**WHAT TO DO**
Look through the records below for the line with "(<) x y sums". Return that line and each one after it up to and including the line with "y)\<^sup>2 * (A", exactly.

**MATERIAL SHOWN**
lemma adj_gf_ascents_sums:
  fixes x y :: real
  assumes x: "\<bar>x\<bar> < 1" and y: "\<bar>y\<bar> < 1"
  shows "adj_gf_term (<) x y sums
    (x * y / (2 * (1 - y)) * ((2 - x) / (1 - x) - x * y\<^sup>2 / (1 - x * y))
     + y * (1 - x * y) / (1 - y)\<^sup>2 * ln ((1 - x) / (1 - x * y)))"
proof -
  have xy: "\<bar>x * y\<bar> < 1"
    using abs_mult_less[OF x y] by (simp add: abs_mult)
  then have y1: "y \<noteq> 1" and x1: "x \<noteq> 1" and xy1: "x * y \<noteq> 1"
    using x y by auto
  define A B where "A = ln (1 - x)" and "B = ln (1 - x * y)"
  have "1 - x > 0" "1 - x * y > 0"
    using x xy by auto
  then have "ln ((1 - x) / (1 - x * y)) = A - B"
    by (simp add: A_def B_def ln_div)
  moreover have "(\<lambda>m. adj_gf_term (<) x y (Suc m)) sums
      (y / (1 - y) * ((x\<^sup>2 / (1 - x) / 2 - (- A - x)) - ((x * y)\<^sup>2 / (1 - x * y) / 2 - (- B - x * y)))
       + y / (1 - y)\<^sup>2 * (y * (- x * A - (- A - x)) - - (x * y) * B + y * (- B - x * y)))"
    unfolding adj_gf_term_ascents[OF y1] A_def B_def
    by (intro sums_add sums_diff sums_mult sums_divide power_add_2_sums
        log_coeff_sums xlog_coeff_sums x xy)
  moreover have "y / (1 - y) * ((x\<^sup>2 / (1 - x) / 2 - (- A - x)) - ((x * y)\<^sup>2 / (1 - x * y) / 2 - (- B - x * y)))
       + y / (1 - y)\<^sup>2 * (y * (- x * A - (- A - x)) - - (x * y) * B + y * (- B - x * y))
    = x * y / (2 * (1 - y)) * ((2 - x) / (1 - x) - x * y\<^sup>2 / (1 - x * y))
      + y * (1 - x * y) / (1 - y)\<^sup>2 * (A - B)"
    using y1 x1 xy1 by (simp add: divide_simps, simp add: algebra_simps power2_eq_square)
  ultimately show ?thesis
    unfolding adj_gf_term_sums_iff by simp
qed

theorem theorem3p4:
  fixes x y :: real
  assumes "\<bar>x\<bar> < 1" and "\<bar>y\<bar> < 1"
  shows
   "((\<lambda>n. (\<Sum>j=1..Suc n. real (L_tot (Suc n) j) * y ^ j) * x ^ (Suc n) / fact (Suc n)) sums
      (x * y + (2 * (x * y - y - 1) * ln (1 - x * y) - 2 * y * (x - 2) * ln (1 - x)
         - y * ((ln (1 - x * y))\<^sup>2 - (ln (1 - x))\<^sup>2)) / (2 * (1 - y)))) \<and>
   ((\<lambda>n. (\<Sum>j=1..Suc n. real (D_tot (Suc n) j) * y ^ j) * x ^ (Suc n) / fact (Suc n)) sums
      (x * y / (2 * (1 - y)) * ((3 * x - 2) / (1 - x) - x * y\<^sup>2 / (1 - x * y))
       + ((1 - x * y) * ln (1 - x * y) - y * (2 - x - y) * ln (1 - x)) / (1 - y)\<^sup>2
       + y * ((ln (1 - x * y))\<^sup>2 - (ln (1 - x))\<^sup>2) / (2 * (1 - y)))) \<and>
   ((\<lambda>n. (\<Sum>j=1..Suc n. real (U_tot (Suc n) j) * y ^ j) * x ^ (Suc n) / fact (Suc n)) sums
      (x * y / (2 * (1 - y)) * ((2 - x) / (1 - x) - x * y\<^sup>2 / (1 - x * y))
       + y * (1 - x * y) / (1 - y)\<^sup>2 * ln ((1 - x) / (1 - x * y))))"
proof -
  have "levels = adj_count (=)" "descents = adj_count (\<lambda>a b. b < a)" "ascents = adj_count (<)"
    by (simp_all add: fun_eq_iff levels_def descents_def ascents_def adj_count_def)
  then show ?thesis
    using adj_gf_levels_sums[OF assms] adj_gf_descents_sums[OF assms] adj_gf_ascents_sums[OF assms]
    unfolding adj_gf_term_def L_tot_def D_tot_def U_tot_def by simp
qed

end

**ANSWER BOX**
  shows "adj_gf_term (<) x y sums
    (x * y / (2 * (1 - y)) * ((2 - x) / (1 - x) - x * y\<^sup>2 / (1 - x * y))
     + y * (1 - x * y) / (1 - y)\<^sup>2 * ln ((1 - x) / (1 - x * y)))"
proof -
  have xy: "\<bar>x * y\<bar> < 1"
    using abs_mult_less[OF x y] by (simp add: abs_mult)
  then have y1: "y \<noteq> 1" and x1: "x \<noteq> 1" and xy1: "x * y \<noteq> 1"
    using x y by auto
  define A B where "A = ln (1 - x)" and "B = ln (1 - x * y)"
  have "1 - x > 0" "1 - x * y > 0"
    using x xy by auto
  then have "ln ((1 - x) / (1 - x * y)) = A - B"
    by (simp add: A_def B_def ln_div)
  moreover have "(\<lambda>m. adj_gf_term (<) x y (Suc m)) sums
      (y / (1 - y) * ((x\<^sup>2 / (1 - x) / 2 - (- A - x)) - ((x * y)\<^sup>2 / (1 - x * y) / 2 - (- B - x * y)))
       + y / (1 - y)\<^sup>2 * (y * (- x * A - (- A - x)) - - (x * y) * B + y * (- B - x * y)))"
    unfolding adj_gf_term_ascents[OF y1] A_def B_def
    by (intro sums_add sums_diff sums_mult sums_divide power_add_2_sums
        log_coeff_sums xlog_coeff_sums x xy)
  moreover have "y / (1 - y) * ((x\<^sup>2 / (1 - x) / 2 - (- A - x)) - ((x * y)\<^sup>2 / (1 - x * y) / 2 - (- B - x * y)))
       + y / (1 - y)\<^sup>2 * (y * (- x * A - (- A - x)) - - (x * y) * B + y * (- B - x * y))
    = x * y / (2 * (1 - y)) * ((2 - x) / (1 - x) - x * y\<^sup>2 / (1 - x * y))
      + y * (1 - x * y) / (1 - y)\<^sup>2 * (A - B)"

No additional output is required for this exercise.